Abdurrahman da biraz tabiatının, biraz da yaşının iktiza ettikleri ile “biz” kafilesinin dışında kalır. Amcasının “Bize helâl olmaz!” deyip kendisine emanet ettiği parayı gönlünce harcayıp, bir yılın hãsılatını hebã eder. Amcasının dünya malını tahkir etmesi ve paraya ehemmiyet vermemesinden cesaret almış, kendisine duyduğu derin şefkati de lehine kullanmıştır...
Nitekim birgün birbirlerinden habersiz, kısa aralıklarla Üsküdar vapurundan inerler... Çamlıca’daki Yusuf İzzeddin Paşa köşkünde yaşıyorlar, oraya çıkacaklar. Üstãd, vapurdan iner inmez hızlı adımlarla yürümeye başlar; Abdurrahman, iskelede müşteri bekleyen faytonların en gösterişlisine yönelir... Amca, fıstık ve bãdem ağaçları ile dolu bağ ve bahçelerin arasından tefekkürün en zenginlerini yaşayarak yol alır; Abdurrahman, bir memleket türküsü tutturur etrafı seyrederek.
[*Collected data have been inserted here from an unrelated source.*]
lemma uniform_tails:
  assumes "\<epsilon> > 0"
  obtains B where "B > 0"
    and "\<And>n x \<omega>. \<omega> \<in> space (M n) \<Longrightarrow> eta n \<omega> - x > B \<Longrightarrow> phi n x \<omega> < \<epsilon>"
    and "\<And>n x \<omega>. \<omega> \<in> space (M n) \<Longrightarrow> eta n \<omega> - x < - B \<Longrightarrow> phi n x \<omega> > 1 - \<epsilon>"
proof -
  obtain B1 where "B1 > 0" and B1: "\<forall>n x. \<forall>\<omega> \<in> space (M n). eta n \<omega> - x > B1 \<longrightarrow> phi n x \<omega> < \<epsilon>"
    using right_tail[OF assms] by blast
  obtain B2 where B2: "\<forall>n x. \<forall>\<omega> \<in> space (M n). eta n \<omega> - x < - B2 \<longrightarrow> phi n x \<omega> > 1 - \<epsilon>"
    using left_tail[OF assms] by blast
  show thesis
  proof (rule that[of "max B1 B2"])
    show "max B1 B2 > 0"
      using \<open>B1 > 0\<close> by simp
    show "phi n x \<omega> < \<epsilon>" if "\<omega> \<in> space (M n)" "eta n \<omega> - x > max B1 B2" for n x \<omega>
      using B1 that by simp
    show "phi n x \<omega> > 1 - \<epsilon>" if "\<omega> \<in> space (M n)" "eta n \<omega> - x < - max B1 B2" for n x \<omega>
      using B2 that by simp
  qed
qed

lemma increment_and_cdf_gap_le:
  assumes "\<epsilon> > 0"
  obtains K where "\<And>n x. F n (x + 1) - F n x \<le> \<epsilon> + K * max_window_prob n"
    and "\<And>n x. \<bar>cdf n x - F n x\<bar> \<le> \<epsilon> + K * max_window_prob n"
proof -
  obtain B where "B > 0" and right: "\<And>n x \<omega>. \<omega> \<in> space (M n) \<Longrightarrow> eta n \<omega> - x > B \<Longrightarrow> phi n x \<omega> < \<epsilon>"
    and left: "\<And>n x \<omega>. \<omega> \<in> space (M n) \<Longrightarrow> eta n \<omega> - x < - B \<Longrightarrow> phi n x \<omega> > 1 - \<epsilon>"
    using uniform_tails[OF assms] by blast
  define K where "K = nat \<lceil>2 * B + 2\<rceil>"
  have K: "2 * B + 2 \<le> real K"
    unfolding K_def by linarith
  have "F n (x + 1) - F n x \<le> \<epsilon> + real K * max_window_prob n \<and>
        \<bar>cdf n x - F n x\<bar> \<le> \<epsilon> + real K * max_window_prob n" for n x
  proof -
    interpret prob_space "M n"
      by (rule prob)
    let ?N = "{\<omega> \<in> space (M n). x - B - 1 < eta n \<omega> \<and> eta n \<omega> \<le> x + B + 1}"
    have "F n (x + 1) - F n x \<le> \<epsilon> + prob ?N"
      by (rule smoothed_indicator_bounds)
        (use eta_meas phi_meas mono01 right left \<open>B > 0\<close> assms in auto)
    moreover have "\<bar>cdf n x - F n x\<bar> \<le> \<epsilon> + prob ?N"
      by (rule smoothed_indicator_bounds)
        (use eta_meas phi_meas mono01 right left \<open>B > 0\<close> assms in auto)
    ultimately show ?thesis
      using prob_wide_window_le[OF K, of n x] by linarith
  qed
  then show thesis
    by (intro that) auto
qed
Yusuf İzzeddin Paşa Köşkünün avlusuna istikbalin büyük Fâtihi ile faytoncuların itibarlı müşterisi birlikte girerler. Amcanın çehresine yayılan şefkat dolu tebessümünü Boğazdan daha derin gözlerinden kanatlanan buruk bir ifãde gölgeler... Köşkün Marmaranın mühim bir kısmı ile Sarayburnu, Suriçi ve Boğaz’ın büyük parçasına nãzır salonuna amcasının arkasından giren Abdurrahman’ın kalbi huzursuzdur, hayatı tehlikeye girmiş bir kuş gibi çırpınmaktadır...
“Sana teslim ettiğim paraları getir hele Abdurrahman!”
Ne parası? Abdurrahman genç ve İstanbul’un debdebeli hayatına meftundur... Mahcubiyetle;
“Parayı harcadım, amca!..” der.
Üstad’ın çizgileri henüz derinleşmemiş geniş alnında raşeler gezinir, damarlarını acı bir ızdırab tutuşturur, aynı ızdırab dökülür gözlerinden. Sonra şefkatın beslediği bir tebessüm tomurcuklanır dudak uçlarında, aydınlık simasına tomurcuğun hayatı yayılır.
“Bu para bize helâl değildi, millet malı idi; niçin sarf ettin?”
Abdurrahman boyun büker, ezilir, küçülür...
“Madem ki öyledir, ben de seni vekilharçlıktan azl ile kendimi nasb ettim” diye devam eder amca...
* * *
Vekilharçlıktan azledilmiş olmak üzer Abdurrahman’ı, ama yine de amcasının itibarlı hayatını paylaşmaktan, onunla birlikte yaşamaktan memnundur. İngiliz işgâline karşı amcasının yazıp bastırdığı “Hutuvatt-ı Sitte” risãleciğini en tehlikeli ve en hayatî noktalarda pervasızca, korkusuzca hep o dağıtır. En tehlikeli vazifeler onun cesaret ve gayretiyle hayat bulur. Amcası ve dâvâsı uğrunda günde bin defa ölmeye hazırdır...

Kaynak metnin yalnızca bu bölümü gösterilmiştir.